(Excerpts from a dataset)
=-=-=

text \<open>An edge incident to the vertex (I, J, K) arises by splitting one of the three parts into an
  ordered pair of nonempty pieces; conversely every such split is an admissible 4-partition, since
  subsets of short sets are short. A part P admits 2^|P| - 2 ordered splits, and because the parts
  of the vertex are nonempty and disjoint, different splits yield different cyclically ordered
  partitions.\<close>

lemma cyc_rotate [simp]: "cyc (rotate k xs) = cyc xs"
proof -
  have "rotate j xs \<in> cyc (rotate k xs)" for j
  proof (cases "xs = []")
    case False
    then have "k \<le> length xs * k" by (cases xs) auto
    then have "j + length xs * k - k + k = j + length xs * k" by linarith
    then have "rotate (j + length xs * k - k) (rotate k xs) = rotate (j + length xs * k) xs"
      by (metis rotate_rotate)
    also have "\<dots> = rotate j xs"
      by (metis mod_mult_self2 rotate_conv_mod)
    finally show ?thesis unfolding cyc_def by (metis (mono_tags, lifting) mem_Collect_eq)
  qed (simp add: cyc_def)
  then show ?thesis by (auto simp: cyc_def rotate_rotate)
qed

lemma mem_cyc_self: "xs \<in> cyc xs"
  unfolding cyc_def by (metis (mono_tags) mem_Collect_eq rotate0 id_apply)

lemma cyc_eq_iff: "cyc xs = cyc ys \<longleftrightarrow> (\<exists>k. ys = rotate k xs)"
proof
  assume "cyc xs = cyc ys"
  then have "ys \<in> cyc xs" using mem_cyc_self by blast
  then show "\<exists>k. ys = rotate k xs" by (simp add: cyc_def)
qed auto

=-=-=

Looking through the records, copy out every line in which the word "thesis" is found.

    finally show ?thesis unfolding cyc_def by (metis (mono_tags, lifting) mem_Collect_eq)
  then show ?thesis by (auto simp: cyc_def rotate_rotate)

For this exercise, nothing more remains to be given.